[Exercise details] Filtering the records below, copy only those lines that include the word "proof".

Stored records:
•••••
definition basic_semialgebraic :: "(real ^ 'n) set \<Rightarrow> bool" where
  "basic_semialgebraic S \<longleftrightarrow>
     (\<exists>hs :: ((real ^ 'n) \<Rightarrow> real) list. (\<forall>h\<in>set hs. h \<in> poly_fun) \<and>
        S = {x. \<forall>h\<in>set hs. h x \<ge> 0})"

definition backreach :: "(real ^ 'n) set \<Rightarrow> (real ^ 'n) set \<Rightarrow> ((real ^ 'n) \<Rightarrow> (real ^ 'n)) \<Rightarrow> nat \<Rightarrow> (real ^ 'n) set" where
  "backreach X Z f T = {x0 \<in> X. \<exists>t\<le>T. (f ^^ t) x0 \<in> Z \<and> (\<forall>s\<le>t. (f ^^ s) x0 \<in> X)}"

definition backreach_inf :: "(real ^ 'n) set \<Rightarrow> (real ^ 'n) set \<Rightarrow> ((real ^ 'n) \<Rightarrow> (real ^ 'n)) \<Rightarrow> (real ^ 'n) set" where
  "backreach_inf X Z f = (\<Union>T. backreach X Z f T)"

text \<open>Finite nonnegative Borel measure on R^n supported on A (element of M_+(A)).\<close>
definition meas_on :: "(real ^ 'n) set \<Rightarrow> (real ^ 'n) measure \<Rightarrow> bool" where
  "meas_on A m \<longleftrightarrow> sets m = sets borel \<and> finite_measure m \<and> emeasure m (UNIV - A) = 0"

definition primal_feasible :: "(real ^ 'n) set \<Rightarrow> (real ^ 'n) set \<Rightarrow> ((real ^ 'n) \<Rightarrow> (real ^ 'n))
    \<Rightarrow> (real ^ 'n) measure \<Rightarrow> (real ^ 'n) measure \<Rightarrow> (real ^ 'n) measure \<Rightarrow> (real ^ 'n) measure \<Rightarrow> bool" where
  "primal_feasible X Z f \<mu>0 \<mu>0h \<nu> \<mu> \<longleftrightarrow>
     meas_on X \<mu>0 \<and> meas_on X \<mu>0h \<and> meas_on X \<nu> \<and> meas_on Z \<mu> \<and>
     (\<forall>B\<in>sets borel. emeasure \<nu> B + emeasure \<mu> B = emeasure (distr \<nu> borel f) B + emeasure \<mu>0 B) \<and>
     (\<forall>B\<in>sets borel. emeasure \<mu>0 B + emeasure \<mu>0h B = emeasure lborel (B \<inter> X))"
•••••
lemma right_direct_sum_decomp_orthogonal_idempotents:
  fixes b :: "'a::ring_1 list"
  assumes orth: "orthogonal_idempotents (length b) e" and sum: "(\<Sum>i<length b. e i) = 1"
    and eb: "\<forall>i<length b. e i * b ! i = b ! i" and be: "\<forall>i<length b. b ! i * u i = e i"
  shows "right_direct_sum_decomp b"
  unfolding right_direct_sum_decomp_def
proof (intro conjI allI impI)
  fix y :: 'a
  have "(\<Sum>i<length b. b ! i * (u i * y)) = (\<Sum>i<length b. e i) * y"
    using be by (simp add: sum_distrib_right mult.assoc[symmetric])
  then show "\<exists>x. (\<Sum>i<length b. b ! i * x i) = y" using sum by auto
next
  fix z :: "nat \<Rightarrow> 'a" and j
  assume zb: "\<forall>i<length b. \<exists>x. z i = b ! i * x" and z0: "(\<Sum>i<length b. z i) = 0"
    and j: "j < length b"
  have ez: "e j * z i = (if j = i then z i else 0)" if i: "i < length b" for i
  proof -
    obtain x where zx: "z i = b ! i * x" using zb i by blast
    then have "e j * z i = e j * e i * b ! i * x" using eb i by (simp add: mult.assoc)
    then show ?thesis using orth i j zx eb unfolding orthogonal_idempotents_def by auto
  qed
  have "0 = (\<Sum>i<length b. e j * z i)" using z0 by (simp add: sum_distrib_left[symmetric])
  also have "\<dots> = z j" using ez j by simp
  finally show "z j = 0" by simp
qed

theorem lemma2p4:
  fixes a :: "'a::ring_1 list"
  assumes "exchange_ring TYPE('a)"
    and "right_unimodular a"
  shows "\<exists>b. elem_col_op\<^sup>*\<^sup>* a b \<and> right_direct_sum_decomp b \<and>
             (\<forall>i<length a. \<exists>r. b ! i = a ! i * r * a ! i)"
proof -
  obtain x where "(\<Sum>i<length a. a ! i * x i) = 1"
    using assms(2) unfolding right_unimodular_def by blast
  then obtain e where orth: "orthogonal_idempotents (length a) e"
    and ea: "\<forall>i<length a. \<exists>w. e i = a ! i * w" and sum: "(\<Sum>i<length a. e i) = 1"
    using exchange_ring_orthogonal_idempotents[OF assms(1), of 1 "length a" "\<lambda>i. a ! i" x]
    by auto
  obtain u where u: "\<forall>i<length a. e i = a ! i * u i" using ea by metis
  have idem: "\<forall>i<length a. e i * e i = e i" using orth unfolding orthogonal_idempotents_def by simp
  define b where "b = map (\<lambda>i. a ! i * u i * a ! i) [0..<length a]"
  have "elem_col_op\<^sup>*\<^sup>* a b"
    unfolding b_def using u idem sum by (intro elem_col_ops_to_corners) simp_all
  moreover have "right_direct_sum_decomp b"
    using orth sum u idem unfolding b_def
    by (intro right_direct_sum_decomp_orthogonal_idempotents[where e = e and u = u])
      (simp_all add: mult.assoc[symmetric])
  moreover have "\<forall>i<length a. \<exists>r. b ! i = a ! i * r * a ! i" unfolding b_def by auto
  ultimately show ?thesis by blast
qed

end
•••••
[Output below]
proof (intro conjI allI impI)
  proof -
proof -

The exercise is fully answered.